START The data

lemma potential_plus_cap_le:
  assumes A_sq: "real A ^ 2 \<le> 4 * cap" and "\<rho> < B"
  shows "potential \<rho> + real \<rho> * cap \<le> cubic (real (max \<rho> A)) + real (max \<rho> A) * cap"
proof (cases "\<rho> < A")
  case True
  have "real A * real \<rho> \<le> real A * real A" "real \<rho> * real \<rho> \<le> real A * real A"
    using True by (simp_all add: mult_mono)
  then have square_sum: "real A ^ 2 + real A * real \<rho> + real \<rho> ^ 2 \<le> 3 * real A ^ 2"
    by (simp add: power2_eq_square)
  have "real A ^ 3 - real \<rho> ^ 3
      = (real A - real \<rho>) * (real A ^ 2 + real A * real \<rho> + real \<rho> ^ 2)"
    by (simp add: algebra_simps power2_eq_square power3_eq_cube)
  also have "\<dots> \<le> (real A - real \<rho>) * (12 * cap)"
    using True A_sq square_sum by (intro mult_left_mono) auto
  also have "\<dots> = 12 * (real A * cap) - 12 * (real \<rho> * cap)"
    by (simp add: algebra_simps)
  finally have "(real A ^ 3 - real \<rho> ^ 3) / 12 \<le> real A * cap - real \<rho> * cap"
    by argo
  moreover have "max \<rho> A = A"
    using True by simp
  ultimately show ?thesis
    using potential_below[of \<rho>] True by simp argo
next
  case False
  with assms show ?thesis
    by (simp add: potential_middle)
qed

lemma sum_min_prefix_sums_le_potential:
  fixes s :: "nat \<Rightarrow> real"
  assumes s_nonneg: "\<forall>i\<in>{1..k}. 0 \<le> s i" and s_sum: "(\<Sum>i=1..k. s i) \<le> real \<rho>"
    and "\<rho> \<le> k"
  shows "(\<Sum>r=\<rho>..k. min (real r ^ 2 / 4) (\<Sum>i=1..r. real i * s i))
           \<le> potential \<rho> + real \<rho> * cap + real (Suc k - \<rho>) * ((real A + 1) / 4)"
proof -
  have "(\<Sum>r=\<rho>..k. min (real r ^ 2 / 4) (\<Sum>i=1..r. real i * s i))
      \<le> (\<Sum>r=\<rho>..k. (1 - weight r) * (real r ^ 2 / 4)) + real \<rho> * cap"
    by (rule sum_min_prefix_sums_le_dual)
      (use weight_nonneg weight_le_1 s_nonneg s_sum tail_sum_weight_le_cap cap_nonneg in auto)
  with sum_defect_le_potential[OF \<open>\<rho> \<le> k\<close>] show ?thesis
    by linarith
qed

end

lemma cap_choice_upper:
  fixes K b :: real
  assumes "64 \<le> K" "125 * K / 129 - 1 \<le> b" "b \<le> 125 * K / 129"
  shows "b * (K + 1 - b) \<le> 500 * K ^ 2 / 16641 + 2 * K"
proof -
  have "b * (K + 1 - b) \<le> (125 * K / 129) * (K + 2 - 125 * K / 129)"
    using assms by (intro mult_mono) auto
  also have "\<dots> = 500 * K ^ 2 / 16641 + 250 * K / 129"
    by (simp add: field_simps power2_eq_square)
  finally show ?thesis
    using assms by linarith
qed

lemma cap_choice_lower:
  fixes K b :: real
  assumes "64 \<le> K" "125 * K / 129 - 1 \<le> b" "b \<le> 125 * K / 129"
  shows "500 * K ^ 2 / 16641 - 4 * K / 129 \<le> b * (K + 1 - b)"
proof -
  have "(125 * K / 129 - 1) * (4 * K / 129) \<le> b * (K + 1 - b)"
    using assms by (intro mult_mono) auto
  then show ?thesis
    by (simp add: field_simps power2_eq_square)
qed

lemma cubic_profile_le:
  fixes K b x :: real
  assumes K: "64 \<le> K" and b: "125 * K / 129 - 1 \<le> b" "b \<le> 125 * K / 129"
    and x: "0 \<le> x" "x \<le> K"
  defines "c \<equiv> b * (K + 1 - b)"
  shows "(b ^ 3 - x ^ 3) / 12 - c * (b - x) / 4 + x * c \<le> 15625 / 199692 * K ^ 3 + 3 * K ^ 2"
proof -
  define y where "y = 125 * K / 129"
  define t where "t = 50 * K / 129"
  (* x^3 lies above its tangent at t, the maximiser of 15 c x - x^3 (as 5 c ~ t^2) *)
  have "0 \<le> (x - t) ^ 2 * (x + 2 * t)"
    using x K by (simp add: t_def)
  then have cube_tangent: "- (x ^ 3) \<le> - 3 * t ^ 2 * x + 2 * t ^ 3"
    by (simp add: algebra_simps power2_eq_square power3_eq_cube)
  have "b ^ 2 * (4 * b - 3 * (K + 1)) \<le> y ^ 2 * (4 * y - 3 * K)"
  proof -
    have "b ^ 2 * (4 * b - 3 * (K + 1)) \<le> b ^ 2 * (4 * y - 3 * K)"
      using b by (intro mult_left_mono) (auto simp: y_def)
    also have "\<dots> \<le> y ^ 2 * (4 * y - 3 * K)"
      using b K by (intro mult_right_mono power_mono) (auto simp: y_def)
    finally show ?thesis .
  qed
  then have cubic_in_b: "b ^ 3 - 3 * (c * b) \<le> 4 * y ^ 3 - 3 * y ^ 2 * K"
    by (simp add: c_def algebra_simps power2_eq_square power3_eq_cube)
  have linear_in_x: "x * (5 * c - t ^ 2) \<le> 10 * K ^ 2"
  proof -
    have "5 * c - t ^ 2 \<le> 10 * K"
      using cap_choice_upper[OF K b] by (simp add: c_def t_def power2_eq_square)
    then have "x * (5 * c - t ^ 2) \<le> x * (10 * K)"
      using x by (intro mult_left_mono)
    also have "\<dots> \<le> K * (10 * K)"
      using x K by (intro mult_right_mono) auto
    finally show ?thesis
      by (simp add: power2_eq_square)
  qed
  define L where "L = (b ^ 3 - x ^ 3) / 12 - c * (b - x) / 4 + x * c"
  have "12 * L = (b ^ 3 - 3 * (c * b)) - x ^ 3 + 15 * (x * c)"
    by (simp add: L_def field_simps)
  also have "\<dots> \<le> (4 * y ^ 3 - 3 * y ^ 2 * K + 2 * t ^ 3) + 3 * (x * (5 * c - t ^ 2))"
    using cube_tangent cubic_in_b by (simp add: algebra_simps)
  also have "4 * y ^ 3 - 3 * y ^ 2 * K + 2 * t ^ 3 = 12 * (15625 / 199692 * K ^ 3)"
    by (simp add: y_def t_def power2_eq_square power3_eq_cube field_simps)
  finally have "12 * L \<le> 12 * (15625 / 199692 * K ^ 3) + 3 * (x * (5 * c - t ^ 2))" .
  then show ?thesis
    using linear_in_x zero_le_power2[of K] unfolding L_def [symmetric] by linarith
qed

END The data

» **What is needed**: From the records above, extract every entry exactly as given.

» **Result of this exercise**:
lemma potential_plus_cap_le:
  assumes A_sq: "real A ^ 2 \<le> 4 * cap" and "\<rho> < B"
  shows "potential \<rho> + real \<rho> * cap \<le> cubic (real (max \<rho> A)) + real (max \<rho> A) * cap"
proof (cases "\<rho> < A")
  case True
  have "real A * real \<rho> \<le> real A * real A" "real \<rho> * real \<rho> \<le> real A * real A"
    using True by (simp_all add: mult_mono)
  then have square_sum: "real A ^ 2 + real A * real \<rho> + real \<rho> ^ 2 \<le> 3 * real A ^ 2"
    by (simp add: power2_eq_square)
  have "real A ^ 3 - real \<rho> ^ 3
      = (real A - real \<rho>) * (real A ^ 2 + real A * real \<rho> + real \<rho> ^ 2)"
    by (simp add: algebra_simps power2_eq_square power3_eq_cube)
  also have "\<dots> \<le> (real A - real \<rho>) * (12 * cap)"
    using True A_sq square_sum by (intro mult_left_mono) auto
  also have "\<dots> = 12 * (real A * cap) - 12 * (real \<rho> * cap)"
    by (simp add: algebra_simps)
  finally have "(real A ^ 3 - real \<rho> ^ 3) / 12 \<le> real A * cap - real \<rho> * cap"
    by argo
  moreover have "max \<rho> A = A"
    using True by simp
  ultimately show ?thesis
    using potential_below[of \<rho>] True by simp argo
next
  case False
  with assms show ?thesis
    by (simp add: potential_middle)
qed

lemma sum_min_prefix_sums_le_potential:
  fixes s :: "nat \<Rightarrow> real"
  assumes s_nonneg: "\<forall>i\<in>{1..k}. 0 \<le> s i" and s_sum: "(\<Sum>i=1..k. s i) \<le> real \<rho>"
    and "\<rho> \<le> k"
  shows "(\<Sum>r=\<rho>..k. min (real r ^ 2 / 4) (\<Sum>i=1..r. real i * s i))
           \<le> potential \<rho> + real \<rho> * cap + real (Suc k - \<rho>) * ((real A + 1) / 4)"
proof -
  have "(\<Sum>r=\<rho>..k. min (real r ^ 2 / 4) (\<Sum>i=1..r. real i * s i))
      \<le> (\<Sum>r=\<rho>..k. (1 - weight r) * (real r ^ 2 / 4)) + real \<rho> * cap"
    by (rule sum_min_prefix_sums_le_dual)
      (use weight_nonneg weight_le_1 s_nonneg s_sum tail_sum_weight_le_cap cap_nonneg in auto)
  with sum_defect_le_potential[OF \<open>\<rho> \<le> k\<close>] show ?thesis
    by linarith
qed

end

lemma cap_choice_upper:
  fixes K b :: real
  assumes "64 \<le> K" "125 * K / 129 - 1 \<le> b" "b \<le> 125 * K / 129"
  shows "b * (K + 1 - b) \<le> 500 * K ^ 2 / 16641 + 2 * K"
proof -
  have "b * (K + 1 - b) \<le> (125 * K / 129) * (K + 2 - 125 * K / 129)"
    using assms by (intro mult_mono) auto
  also have "\<dots> = 500 * K ^ 2 / 16641 + 250 * K / 129"
    by (simp add: field_simps power2_eq_square)
  finally show ?thesis
    using assms by linarith
qed

lemma cap_choice_lower:
  fixes K b :: real
  assumes "64 \<le> K" "125 * K / 129 - 1 \<le> b" "b \<le> 125 * K / 129"
  shows "500 * K ^ 2 / 16641 - 4 * K / 129 \<le> b * (K + 1 - b)"
proof -
  have "(125 * K / 129 - 1) * (4 * K / 129) \<le> b * (K + 1 - b)"
    using assms by (intro mult_mono) auto
  then show ?thesis
    by (simp add: field_simps power2_eq_square)
qed

lemma cubic_profile_le:
  fixes K b x :: real
  assumes K: "64 \<le> K" and b: "125 * K / 129 - 1 \<le> b" "b \<le> 125 * K / 129"
    and x: "0 \<le> x" "x \<le> K"
  defines "c \<equiv> b * (K + 1 - b)"
  shows "(b ^ 3 - x ^ 3) / 12 - c * (b - x) / 4 + x * c \<le> 15625 / 199692 * K ^ 3 + 3 * K ^ 2"
proof -
  define y where "y = 125 * K / 129"
  define t where "t = 50 * K / 129"
  (* x^3 lies above its tangent at t, the maximiser of 15 c x - x^3 (as 5 c ~ t^2) *)
  have "0 \<le> (x - t) ^ 2 * (x + 2 * t)"
    using x K by (simp add: t_def)
  then have cube_tangent: "- (x ^ 3) \<le> - 3 * t ^ 2 * x + 2 * t ^ 3"
    by (simp add: algebra_simps power2_eq_square power3_eq_cube)
  have "b ^ 2 * (4 * b - 3 * (K + 1)) \<le> y ^ 2 * (4 * y - 3 * K)"
  proof -
    have "b ^ 2 * (4 * b - 3 * (K + 1)) \<le> b ^ 2 * (4 * y - 3 * K)"
      using b by (intro mult_left_mono) (auto simp: y_def)
    also have "\<dots> \<le> y ^ 2 * (4 * y - 3 * K)"
      using b K by (intro mult_right_mono power_mono) (auto simp: y_def)
    finally show ?thesis .
  qed
  then have cubic_in_b: "b ^ 3 - 3 * (c * b) \<le> 4 * y ^ 3 - 3 * y ^ 2 * K"
    by (simp add: c_def algebra_simps power2_eq_square power3_eq_cube)
  have linear_in_x: "x * (5 * c - t ^ 2) \<le> 10 * K ^ 2"
  proof -
    have "5 * c - t ^ 2 \<le> 10 * K"
      using cap_choice_upper[OF K b] by (simp add: c_def t_def power2_eq_square)
    then have "x * (5 * c - t ^ 2) \<le> x * (10 * K)"
      using x by (intro mult_left_mono)
    also have "\<dots> \<le> K * (10 * K)"
      using x K by (intro mult_right_mono) auto
    finally show ?thesis
      by (simp add: power2_eq_square)
  qed
  define L where "L = (b ^ 3 - x ^ 3) / 12 - c * (b - x) / 4 + x * c"
  have "12 * L = (b ^ 3 - 3 * (c * b)) - x ^ 3 + 15 * (x * c)"
    by (simp add: L_def field_simps)
  also have "\<dots> \<le> (4 * y ^ 3 - 3 * y ^ 2 * K + 2 * t ^ 3) + 3 * (x * (5 * c - t ^ 2))"
    using cube_tangent cubic_in_b by (simp add: algebra_simps)
  also have "4 * y ^ 3 - 3 * y ^ 2 * K + 2 * t ^ 3 = 12 * (15625 / 199692 * K ^ 3)"
    by (simp add: y_def t_def power2_eq_square power3_eq_cube field_simps)
  finally have "12 * L \<le> 12 * (15625 / 199692 * K ^ 3) + 3 * (x * (5 * c - t ^ 2))" .
  then show ?thesis
    using linear_in_x zero_le_power2[of K] unfolding L_def [symmetric] by linarith
qed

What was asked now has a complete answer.